7 Tips To Make Your Prayer Time Better
- Talk to God as if he were your best friend. You can trust God and talk to him about anything without fear of judgment, just like a true best friend would. You can run to him and tell him everything; he is your best friend. He is always available to listen to you, regardless of the time or situation.
- Get physically comfortable. While it is appropriate to kneel when praying, it is not always necessary. You must relax mentally and physically to stay focused on your intentions toward God. When you are exhausted and unable to get out of bed to pray, pray to God while lying down. He understands your heart and desire and will accept whatever prayer position you choose. He’d rather let you pray than skip it because you can’t get on the floor.
- Make a list ahead of time. When our minds are jumbled, thinking of anything to say when we pray can be challenging. If that’s the case, try making a list beforehand. This relieves the pressure of remembering everything you want to pray for, allowing you to enjoy the conversation and feel His love.
- Remember to listen. How often do you pause to listen to what God is saying to you? We sometimes lose sight of the fact that this is a two-way conversation. He enjoys listening to you, but He is also available to assist you and provide answers. When you ask for something, take a breath and listen.
- Pray frequently. The more you pray, the more natural it will appear, and the more you want to pray. Prayer should not be regarded as a “chore” but as genuine communication with God.
- Read the Bible for answers. Praying may be difficult for you because you do not feel like you are receiving answers. If that is the case, read the Word of God. God will sometimes answer our prayers through the verses we read. Prayer and scripture study go hand in hand.

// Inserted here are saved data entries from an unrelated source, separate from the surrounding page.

(* If $\Bbbk$ is an algebraically closed field of characteristic zero, then $\mathcal O(\lambda)\cong\mathcal O(1)$ for all $\lambda\in\Bbbk^*$. If $\Bbbk=\mathbb R$, then $\mathcal O(\lambda)\cong\mathcal O(1)$ for $\lambda>0$ and $\mathcal O(\lambda)\cong\mathcal O(-1)$ for $\lambda<0$, but $\mathcal O(-1)\not\cong\mathcal O(1)$.
   Context: $\mathcal W$ is the Witt algebra over $\Bbbk$ with basis $L_n$ ($n\in\mathbb{Z}$) and $[L_n,L_m]=(n-m)L_{n+m}$. For $\lambda\in\Bbbk^*$, $\mathcal O(\lambda)$ is the subalgebra of $\mathcal W$ spanned by $L_n-\lambda^nL_{-n}$, $n\ge1$; $\mathcal O=\mathcal O(1)$. *)

theory Defs
  imports "HOL-Computational_Algebra.Polynomial"
begin

text \<open>The Witt algebra over a field 'k: elements are finitely supported functions
  int \<Rightarrow> 'k (coefficients w.r.t. the basis L_n).\<close>

definition witt :: "(int \<Rightarrow> 'k::field) set" where
  "witt = {f. finite {n. f n \<noteq> 0}}"

definition wL :: "int \<Rightarrow> int \<Rightarrow> 'k::field" where
  "wL n = (\<lambda>m. if m = n then 1 else 0)"

definition wadd :: "(int \<Rightarrow> 'k::field) \<Rightarrow> (int \<Rightarrow> 'k) \<Rightarrow> int \<Rightarrow> 'k" where
  "wadd f g = (\<lambda>m. f m + g m)"

definition wsmult :: "'k::field \<Rightarrow> (int \<Rightarrow> 'k) \<Rightarrow> int \<Rightarrow> 'k" where
  "wsmult c f = (\<lambda>m. c * f m)"

text \<open>Lie bracket, bilinear extension of [L_a, L_b] = (a - b) L_(a+b).\<close>
definition wbr :: "(int \<Rightarrow> 'k::field) \<Rightarrow> (int \<Rightarrow> 'k) \<Rightarrow> int \<Rightarrow> 'k" where
  "wbr f g = (\<lambda>n. \<Sum>a\<in>{a. f a \<noteq> 0}. of_int (a - (n - a)) * f a * g (n - a))"

definition Osub :: "'k::field \<Rightarrow> (int \<Rightarrow> 'k) set" where
  "Osub lam = {(\<lambda>m. \<Sum>n\<in>S. c n * (wL (int n) m - lam ^ n * wL (- int n) m)) | S c.
                  finite S \<and> S \<subseteq> {1..}}"

definition lie_iso :: "(int \<Rightarrow> 'k::field) set \<Rightarrow> (int \<Rightarrow> 'k) set \<Rightarrow> bool" where
  "lie_iso A B \<longleftrightarrow> (\<exists>\<phi>. bij_betw \<phi> A B \<and>
      (\<forall>x\<in>A. \<forall>y\<in>A. \<phi> (wadd x y) = wadd (\<phi> x) (\<phi> y)) \<and>
      (\<forall>c. \<forall>x\<in>A. \<phi> (wsmult c x) = wsmult c (\<phi> x)) \<and>
      (\<forall>x\<in>A. \<forall>y\<in>A. \<phi> (wbr x y) = wbr (\<phi> x) (\<phi> y)))"

definition alg_closed_field :: "'k::field itself \<Rightarrow> bool" where
  "alg_closed_field _ \<longleftrightarrow> (\<forall>p :: 'k poly. degree p \<ge> 1 \<longrightarrow> (\<exists>x. poly p x = 0))"

end

theory Submission
  imports Defs
begin

(* Rescaling L_n to t^n L_n is an automorphism of the Witt algebra that carries O(mu t^2) onto O(mu);
   this gives every isomorphism claimed, as lambda or -lambda has a square root in the fields concerned.
   To separate O(-1) from O(1) over the reals, O(-1) contains x, y, q, s with y nonzero and
   [x,[x,y]] + 64 y = [y,[x,q]] + [[x,y],[x,s]], a relation which any Lie isomorphism would transport.
   The elements of the real O(1) are the odd functions f, and their moments
   mu_j(f) = sum_n f(n) n^j are the Taylor coefficients of F(z) = sum_n f(n) e^(nz), under which the
   bracket becomes F'G - FG'. All these F vanish at 0; if m is the vanishing order of Y, the m-th
   moment of [Y,[P,Q]] + [[X,Y],[R,S]] is 0, while that of [X,[X,Y]] + c Y is
   (((1 - m) mu_1(X))^2 + c) mu_m(Y), which is nonzero for c > 0. *)

definition supp :: "(int \<Rightarrow> 'k::zero) \<Rightarrow> int set" where
  "supp f = {n. f n \<noteq> 0}"

definition Obasis :: "'k::field \<Rightarrow> nat \<Rightarrow> int \<Rightarrow> 'k" where
  "Obasis lam n = (\<lambda>m. wL (int n) m - lam ^ n * wL (- int n) m)"

lemma Obasis_apply:
  "n \<ge> 1 \<Longrightarrow> Obasis lam n m = (if m = int n then 1 else if m = - int n then - (lam ^ n) else 0)"
  by (auto simp: Obasis_def wL_def)

lemma Osub_eq_span:
  "Osub lam = {(\<lambda>m. \<Sum>n\<in>S. c n * Obasis lam n m) | S c. finite S \<and> S \<subseteq> {1..}}"
  by (simp add: Osub_def Obasis_def)

lemma Osub_memD:
  assumes "f \<in> Osub lam"
  shows "finite (supp f)" "f 0 = 0" "\<And>k. k \<ge> 1 \<Longrightarrow> f (- int k) = - (lam ^ k) * f (int k)"
proof -
  obtain S c where f: "f = (\<lambda>m. \<Sum>n\<in>S. c n * Obasis lam n m)" and S: "finite S" "S \<subseteq> {1..}"
    using assms unfolding Osub_eq_span by blast
  have f_apply: "f m = (\<Sum>n\<in>S. if m = int n then c n else if m = - int n then - (lam ^ n) * c n else 0)"
    for m unfolding f using S by (intro sum.cong) (auto simp: Obasis_apply)
  have "f m = 0" if "m \<notin> int ` S \<union> uminus ` int ` S" for m
    using that by (auto simp: f_apply intro!: sum.neutral)
  then have "supp f \<subseteq> int ` S \<union> uminus ` int ` S"
    by (auto simp: supp_def)
  then show "finite (supp f)"
    by (rule finite_subset) (use S(1) in auto)
  show "f 0 = 0"
    using S(2) by (auto simp: f_apply intro!: sum.neutral)
  have f_pos: "f (int k) = (if k \<in> S then c k else 0)" if "k \<ge> 1" for k
  proof -
    have "f (int k) = (\<Sum>n\<in>S. if n = k then c n else 0)"
      unfolding f_apply using S(2) that by (intro sum.cong) auto
    then show ?thesis
      using S(1) by (simp add: sum.delta')
  qed
  fix k :: nat assume "k \<ge> 1"
  have "f (- int k) = (\<Sum>n\<in>S. if n = k then - (lam ^ k) * c n else 0)"
    unfolding f_apply using S(2) \<open>k \<ge> 1\<close> by (intro sum.cong) auto
  then show "f (- int k) = - (lam ^ k) * f (int k)"
    using S(1) \<open>k \<ge> 1\<close> by (simp add: f_pos sum.delta')
qed

lemma Osub_memI:
  assumes fin: "finite (supp f)" and f0: "f 0 = 0"
    and reflect: "\<And>k. k \<ge> 1 \<Longrightarrow> f (- int k) = - (lam ^ k) * f (int k)"
  shows "f \<in> Osub lam"
proof -
  define S where "S = {k. k \<ge> 1 \<and> f (int k) \<noteq> 0}"
  have "S \<subseteq> int -` supp f"
    by (auto simp: S_def supp_def)
  moreover have "finite (int -` supp f)"
    using fin by (rule finite_vimageI) (simp add: inj_def)
  ultimately have finS: "finite S"
    by (rule finite_subset)
  have "f = (\<lambda>m. \<Sum>n\<in>S. f (int n) * Obasis lam n m)"
  proof
    fix m
    have "(\<Sum>n\<in>S. f (int n) * Obasis lam n m) = (\<Sum>n\<in>S. if n = nat \<bar>m\<bar> then f m else 0)"
      using reflect by (intro sum.cong) (auto simp: S_def Obasis_apply)
    also have "\<dots> = f m"
      using finS f0 reflect[of "nat \<bar>m\<bar>"]
      by (cases m rule: linorder_cases[of _ 0]) (auto simp: S_def sum.delta')
    finally show "f m = (\<Sum>n\<in>S. f (int n) * Obasis lam n m)" ..
  qed
  moreover have "S \<subseteq> {1..}"
    by (auto simp: S_def)
  ultimately show ?thesis
    unfolding Osub_eq_span using finS
    by (intro CollectI exI[of _ S] exI[of _ "\<lambda>n. f (int n)"]) auto
qed

lemma Osub_reflect:
  assumes "f \<in> Osub lam" and "lam \<noteq> 0"
  shows "f (- n) = - (lam powi n) * f n"
proof (cases "n \<ge> 0")
  case True
  then show ?thesis
    using Osub_memD(2)[OF assms(1)] Osub_memD(3)[OF assms(1), of "nat n"]
    by (cases "n = 0") (auto simp: power_int_def)
next
  case False
  then show ?thesis
    using Osub_memD(3)[OF assms(1), of "nat (- n)"] assms(2)
    by (simp add: power_int_def power_mult_distrib[symmetric])
qed

definition wscale :: "'k::field \<Rightarrow> (int \<Rightarrow> 'k) \<Rightarrow> int \<Rightarrow> 'k" where
  "wscale t f = (\<lambda>n. t powi n * f n)"

lemma wscale_wadd: "wscale t (wadd f g) = wadd (wscale t f) (wscale t g)"
  by (simp add: wscale_def wadd_def distrib_left)

lemma wscale_wsmult: "wscale t (wsmult c f) = wsmult c (wscale t f)"
  by (simp add: wscale_def wsmult_def ac_simps)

- Believe that God will answer you. God is trustworthy even when you don’t see your prayers answered or problems solved immediately. You may think, “God didn’t help me last time, so why would He help me this time?” Don’t ask for anything in your prayer unless you truly believe God will answer you. According to the Bible, God always keeps His promises. He cares about you and has good things in store for you.
Recognizing God in our lives isn’t enough; we also need to build a strong relationship with Him through prayer and reading His word. It is essential to talk to God in our hearts and minds, whether we pray aloud or silently.
We can talk to Him about what is happening inside us—good and bad. God loves us and is always eager to hear from us; however, we will hear directly from God if we are willing and humble enough to listen.